# TASK TO CARRY OUT
Provide only the number of lines in the data below that contain the word "also".

┌────────

lemma ncomp_insert_isolated:
  assumes fin: "finite S" and X: "X \<subseteq> S" "X \<noteq> {}" and F: "\<Union>F \<subseteq> S - X"
  shows "ncomp S (insert X F) = ncomp (S - X) F + 1"
proof -
  let ?C = "\<lambda>x. conn S (insert X F) `` {x}"
  have "S // conn S (insert X F) = ?C ` (S - X) \<union> ?C ` X"
    using X(1) by (auto simp: quotient_def)
  also have "?C ` (S - X) = (S - X) // conn (S - X) F"
    using conn_insert_isolated(1)[OF X(1) F] by (auto simp: quotient_def)
  also have "?C ` X = {X}"
    using conn_insert_isolated(2)[OF X(1) F] X(2) by auto
  finally have "S // conn S (insert X F) = insert X ((S - X) // conn (S - X) F)" by simp
  moreover have "X \<notin> (S - X) // conn (S - X) F"
    using X(2) Union_quotient[OF equiv_conn, of "S - X" F] by blast
  ultimately show ?thesis
    unfolding ncomp_def using finite_quotient_conn[of "S - X" F] fin by simp
qed

lemma ncomp_meeting_insert_isolated:
  assumes X: "X \<subseteq> S" "X \<noteq> {}" and F: "\<Union>F \<subseteq> S - X" and P: "finite P" "P \<subseteq> S - X"
  shows "ncomp_meeting S (insert X F) (X \<union> P) = ncomp_meeting (S - X) F P + 1"
proof -
  let ?C = "\<lambda>x. conn S (insert X F) `` {x}"
  have "?C ` (X \<union> P) = ?C ` X \<union> ?C ` P" by (rule image_Un)
  also have "?C ` X = {X}"
    using conn_insert_isolated(2)[OF X(1) F] X(2) by auto
  also have "?C ` P = (\<lambda>x. conn (S - X) F `` {x}) ` P"
    using conn_insert_isolated(1)[OF X(1) F] P(2) by (auto intro!: image_cong)
  finally have "?C ` (X \<union> P) = insert X ((\<lambda>x. conn (S - X) F `` {x}) ` P)" by simp
  moreover have "X \<notin> (\<lambda>x. conn (S - X) F `` {x}) ` P"
    using X(2) by (auto simp: conn_def)
  ultimately show ?thesis
    unfolding ncomp_meeting_def using P(1) by simp
qed

text \<open>The block \<open>X\<close> of \<open>insert X F'\<close> is a component of its own.\<close>
lemma ncomp_contract:
  assumes fin: "finite S" and X: "X \<subseteq> S" "X \<noteq> {}" and F: "\<Union>F \<subseteq> S" and F': "\<Union>F' \<subseteq> S - X"
    and P: "P \<subseteq> S - X"
    and old: "\<And>e. e \<in> F - insert X F' \<Longrightarrow> e \<subseteq> X \<union> P"
    and new: "\<And>e. e \<in> insert X F' - F \<Longrightarrow> e \<subseteq> X \<union> P"
  shows "ncomp S F + ncomp_meeting (S - X) F' P = ncomp (S - X) F' + ncomp_meeting S F (X \<union> P)"
proof -
  have "ncomp S F + ncomp_meeting S (insert X F') (X \<union> P)
      = ncomp S (insert X F') + ncomp_meeting S F (X \<union> P)"
    using X F F' P old new by (intro ncomp_differ_within[OF fin]) auto
  moreover have "finite P" using fin P finite_subset by blast
  ultimately show ?thesis
    using ncomp_insert_isolated[OF fin X F'] ncomp_meeting_insert_isolated[OF X F' _ P] by simp
qed

subsection \<open>Perfect matchings as fixed-point-free involutions\<close>

definition fpf_invol_on :: "'a set \<Rightarrow> ('a \<Rightarrow> 'a) \<Rightarrow> bool" where
  "fpf_invol_on S m \<longleftrightarrow> (\<forall>x\<in>S. m x \<in> S \<and> m x \<noteq> x \<and> m (m x) = x)"

definition mate_edges :: "'a set \<Rightarrow> ('a \<Rightarrow> 'a) \<Rightarrow> 'a set set" where
  "mate_edges S m = (\<lambda>x. {x, m x}) ` S"

lemma fpf_invol_onD:
  "fpf_invol_on S m \<Longrightarrow> x \<in> S \<Longrightarrow> m x \<in> S \<and> m x \<noteq> x \<and> m (m x) = x"
  by (simp add: fpf_invol_on_def)

lemma mate_edges_subset: "fpf_invol_on S m \<Longrightarrow> \<Union>(mate_edges S m) \<subseteq> S"
  by (auto simp: mate_edges_def fpf_invol_on_def)

lemma mate_edge_eq:
  assumes "fpf_invol_on S m" "x \<in> S" "y \<in> S" "{x, m x} \<inter> {y, m y} \<noteq> {}"
  shows "{x, m x} = {y, m y}"
proof -
  have inv: "m (m x) = x" "m (m y) = y" using fpf_invol_onD[OF assms(1)] assms(2,3) by auto
  obtain z where "z = x \<or> z = m x" "z = y \<or> z = m y" using assms(4) by auto
  then have "x = y \<or> x = m y" using inv by metis
  then show ?thesis
  proof
    assume "x = m y"
    then show ?thesis using inv by (simp add: insert_commute)
  qed simp
qed

lemma is_partition_mate_edges:
  assumes m: "fpf_invol_on S m"
  shows "is_partition S (mate_edges S m)"
  unfolding is_partition_def
proof (intro conjI ballI impI)
  fix B assume "B \<in> mate_edges S m"
  then show "B \<noteq> {}" by (auto simp: mate_edges_def)
next
  fix B C assume "B \<in> mate_edges S m" "C \<in> mate_edges S m" "B \<noteq> C"
  then obtain x y where "x \<in> S" "y \<in> S" "B = {x, m x}" "C = {y, m y}"
    by (auto simp: mate_edges_def)
  with \<open>B \<noteq> C\<close> show "B \<inter> C = {}" using mate_edge_eq[OF m] by blast
next
  show "\<Union>(mate_edges S m) = S"
    by (rule equalityI[OF mate_edges_subset[OF m]]) (auto simp: mate_edges_def)
qed

lemma card_mate_edges:
  assumes "finite S" "fpf_invol_on S m"
  shows "card S = 2 * card (mate_edges S m)"
proof -
  have P: "is_partition S (mate_edges S m)" by (rule is_partition_mate_edges[OF assms(2)])
  have "2 * card (mate_edges S m) = card (\<Union>(mate_edges S m))"
  proof (rule card_partition)
    show "finite (mate_edges S m)" using assms(1) by (simp add: mate_edges_def)
    show "finite (\<Union>(mate_edges S m))"
      using finite_subset[OF mate_edges_subset[OF assms(2)] assms(1)] .
    show "\<And>c. c \<in> mate_edges S m \<Longrightarrow> card c = 2"
      using assms(2) by (auto simp: mate_edges_def fpf_invol_on_def)
    show "\<And>c1 c2. c1 \<in> mate_edges S m \<Longrightarrow> c2 \<in> mate_edges S m \<Longrightarrow> c1 \<noteq> c2 \<Longrightarrow> c1 \<inter> c2 = {}"
      using P by (simp add: is_partition_def)
  qed
  moreover have "\<Union>(mate_edges S m) = S" using P by (simp add: is_partition_def)
  ultimately show ?thesis by simp
qed

lemma even_card_fpf_invol: "finite S \<Longrightarrow> fpf_invol_on S m \<Longrightarrow> even (card S)"
  using card_mate_edges by fastforce

lemma fpf_invol_parity:
  assumes "finite L" "fpf_invol_on L m" "x \<in> L" "fpf_invol_on (L - {x}) m'"
  shows False
proof -
  have "even (card L)" "even (card (L - {x}))"
    using assms even_card_fpf_invol by blast+
  moreover have "card L > 0" using assms(1,3) card_gt_0_iff by blast
  ultimately show False using card_Diff_singleton[OF assms(3)] by presburger
qed

lemma ncomp_mate_edges: "finite S \<Longrightarrow> fpf_invol_on S m \<Longrightarrow> card S = 2 * ncomp S (mate_edges S m)"
  unfolding ncomp_def
  by (simp add: quotient_conn_partition[OF is_partition_mate_edges] card_mate_edges)

lemma perfect_matching_mate:
  assumes P: "is_partition S P" and pm: "perfect_matching P"
  obtains m where "fpf_invol_on S m" "mate_edges S m = P"
proof -
  have unique: "y = z" if "{x, y} \<in> P" "{x, z} \<in> P" "y \<noteq> x" "z \<noteq> x" for x y z
    using partition_block_unique[OF P that(1,2)] that(3,4) by (metis doubleton_eq_iff insertI1)
  have "\<forall>x\<in>S. \<exists>y. y \<noteq> x \<and> {x, y} \<in> P"
  proof
    fix x assume "x \<in> S"
    then obtain K where "K \<in> P" "x \<in> K" using partition_cover[OF P] by blast
    moreover obtain u v where "K = {u, v}" "u \<noteq> v"
      using pm \<open>K \<in> P\<close> by (auto simp: perfect_matching_def card_2_iff)
    ultimately show "\<exists>y. y \<noteq> x \<and> {x, y} \<in> P" by (metis insert_commute insertE singletonD)
  qed
  then obtain m where m: "\<And>x. x \<in> S \<Longrightarrow> m x \<noteq> x \<and> {x, m x} \<in> P"
    by metis
  have mS: "m x \<in> S" if "x \<in> S" for x
    using m[OF that] partition_block_subset[OF P] by blast
  show ?thesis
  proof
    show "fpf_invol_on S m"
      unfolding fpf_invol_on_def
    proof
      fix x assume "x \<in> S"
      have "{m x, x} \<in> P" using m[OF \<open>x \<in> S\<close>] by (simp add: insert_commute)
      then have "m (m x) = x" using m[OF mS[OF \<open>x \<in> S\<close>]] m[OF \<open>x \<in> S\<close>] unique by metis
      then show "m x \<in> S \<and> m x \<noteq> x \<and> m (m x) = x" using mS m \<open>x \<in> S\<close> by blast
    qed
    show "mate_edges S m = P"
    proof
      show "mate_edges S m \<subseteq> P" using m by (auto simp: mate_edges_def)
      show "P \<subseteq> mate_edges S m"
      proof
        fix K assume "K \<in> P"
        then obtain u v where K: "K = {u, v}" "u \<noteq> v"
          using pm by (auto simp: perfect_matching_def card_2_iff)
        then have "u \<in> S" using partition_block_subset[OF P \<open>K \<in> P\<close>] by blast
        then have "v = m u" using unique[of u v "m u"] m K \<open>K \<in> P\<close> by metis
        then show "K \<in> mate_edges S m" using K \<open>u \<in> S\<close> by (auto simp: mate_edges_def)
      qed
    qed
  qed
qed

definition contract_mate :: "'a \<Rightarrow> 'a \<Rightarrow> ('a \<Rightarrow> 'a) \<Rightarrow> 'a \<Rightarrow> 'a" where
  "contract_mate a b m x = (if m x = a then m b else if m x = b then m a else m x)"

definition edges_avoiding :: "'a set \<Rightarrow> 'a set set \<Rightarrow> 'a set set" where
  "edges_avoiding X F = {e \<in> F. e \<inter> X = {}}"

└────────

# SOLUTION FOR THIS TASK
4